18 Sept 2025 (modified: 11 Feb 2026)Submitted to ICLR 2026EveryoneRevisionsBibTeXCC BY 4.0
Keywords: Large Reasoning Model, Reinforcement Learning, Variance Reduction
TL;DR: By applying James-Stein shrinkage to the baseline, we reduce the variance of policy gradient and improve reinforcement learning of large reasoning models.
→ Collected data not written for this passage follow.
lemma inj_on_span_hook_monomials: "inj_on (shift_a \<circ> phi) (zmod.span hook_monomials)"
proof -
  interpret h: ring_hom "shift_a \<circ> phi"
    by (intro ring_hom_comp ring_hom_shift_a phi.ring_hom_axioms)
  have image: "(shift_a \<circ> phi) ` hook_monomials \<subseteq> range (\<lambda>(i, j). monom (monom (1::int) i) j)"
  proof
    fix y
    assume "y \<in> (shift_a \<circ> phi) ` hook_monomials"
    then obtain i j where "y = monom (monom 1 i) j"
      unfolding hook_monomials_def
      by (auto simp only: shift_a_phi_hook_monomial shift_a_phi_one image_iff comp_apply
          mem_Collect_eq insert_iff)
    then show "y \<in> range (\<lambda>(i, j). monom (monom (1::int) i) j)"
      using rangeI[of "\<lambda>(i, j). monom (monom (1::int) i) j" "(i, j)"] by simp
  qed
  have "inj_on (shift_a \<circ> phi) hook_monomials"
    by (auto simp: inj_on_def hook_monomials_def shift_a_phi_hook_monomial shift_a_phi_one
        monom_eq_iff' monom_eq_1_iff)
  moreover have "zmod.independent ((shift_a \<circ> phi) ` hook_monomials)"
    using zmod.independent_mono[OF zmod_independent_monomials image] .
  ultimately show ?thesis
    using h.zhom.inj_on_span_iff_independent_image by blast
qed

section \<open>Kernel and image of \<open>\<phi>\<close>\<close>

lemma I22_subset_kernel_phi: "I22 \<subseteq> {p. phi p = 0}"
  unfolding I22_eq_span
proof (rule zmod.span_minimal)
  show "schurs22 \<subseteq> {p. phi p = 0}"
    by (auto simp: schurs22_def phi_schur_eq_0)
qed (rule phi.zhom.subspace_kernel)

lemma kernel_phi_subset_I22:
  assumes "phi p = 0"
  shows "p \<in> I22"
proof -
  obtain y z where y: "y \<in> zmod.span schurs22" and z: "z \<in> zmod.span hook_monomials"
    and p: "p = y + z"
    using symfun_mem_span[of p] unfolding zmod.span_Un by blast
  have "phi y = 0"
    using y I22_subset_kernel_phi by (auto simp: I22_eq_span)
  then have "(shift_a \<circ> phi) z = (shift_a \<circ> phi) 0"
    using assms p by (simp add: phi.add phi.zero shift_a.zero)
  then have "z = 0"
    using inj_onD[OF inj_on_span_hook_monomials _ z zmod.span_zero] by blast
  then show ?thesis
    using y p by (simp add: I22_eq_span)
qed

lemma phi_monomial: "phi (frag_of m) = (\<Prod>i\<in>Poly_Mapping.keys m. (xab * vb ^ i) ^ Poly_Mapping.lookup m i)"
  by (simp add: phi_def eval_sym_single eval_monomial_def lam_Suc_xab del: lam.simps)

lemma phi_mem_constant_plus_multiple_xab: "phi p \<in> {of_int c + xab * q | c q. True}"
proof (induction p rule: frag_induction[OF subset_UNIV])
  case 1
  then show ?case
    by (auto simp: phi.zero intro: exI[of _ 0])
next
  case (2 m)
  show ?case
  proof (cases "m = 0")
    case True
    then have "phi (frag_of m) = of_int 1 + xab * 0"
      by (simp add: phi.one)
    then show ?thesis
      by blast
  next
    case False
    then obtain i where i: "i \<in> Poly_Mapping.keys m"
      by (metis all_not_in_conv keys_eq_empty)
    then have "xab * vb ^ i dvd (xab * vb ^ i) ^ Poly_Mapping.lookup m i"
      by (simp add: dvd_power in_keys_iff)
    then have "xab dvd (xab * vb ^ i) ^ Poly_Mapping.lookup m i"
      by (rule dvd_mult_left)
    moreover have "(xab * vb ^ i) ^ Poly_Mapping.lookup m i dvd phi (frag_of m)"
      unfolding phi_monomial using i by (intro dvd_prodI) simp_all
    ultimately have "xab dvd phi (frag_of m)"
      by (rule dvd_trans)
    then obtain q where "phi (frag_of m) = of_int 0 + xab * q"
      by (auto elim: dvdE)
    then show ?thesis
      by blast
  qed
next
  case (3 a b)
  then obtain c q c' q' where "phi a = of_int c + xab * q" "phi b = of_int c' + xab * q'"
    by blast
  then have "phi (a - b) = of_int (c - c') + xab * (q - q')"
    by (simp add: phi.diff algebra_simps)
  then show ?case
    by blast
qed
Abstract: Reinforcement Learning with Verifiable Rewards (RLVR) is becoming an impactful paradigm in large reasoning model (LRM) post-training. To stabilize training, control variates (baselines) are commonly introduced, canonically chosen to approximate the value function. Popular approaches such as RLOO and GRPO estimate baselines with per-prompt empirical averages of generated response, which can exhibit high variance under limited rollout budgets. Recognizing that value functions must be estimated simultaneously across all prompts in a batch, we propose a James–Stein estimator as the baseline. This approach leverages statistical shrinkage to reduce the mean squared error in the overall value function estimation, without additional computational overhead while maintaining the unbiasedness of the policy gradient estimator. We provide theoretical justification for James-Stein baselines and validate it empirically. Across diverse models, tasks, and rollout budgets, our approach consistently outperforms existing baselines, demonstrating robust variance reduction and improved training stability.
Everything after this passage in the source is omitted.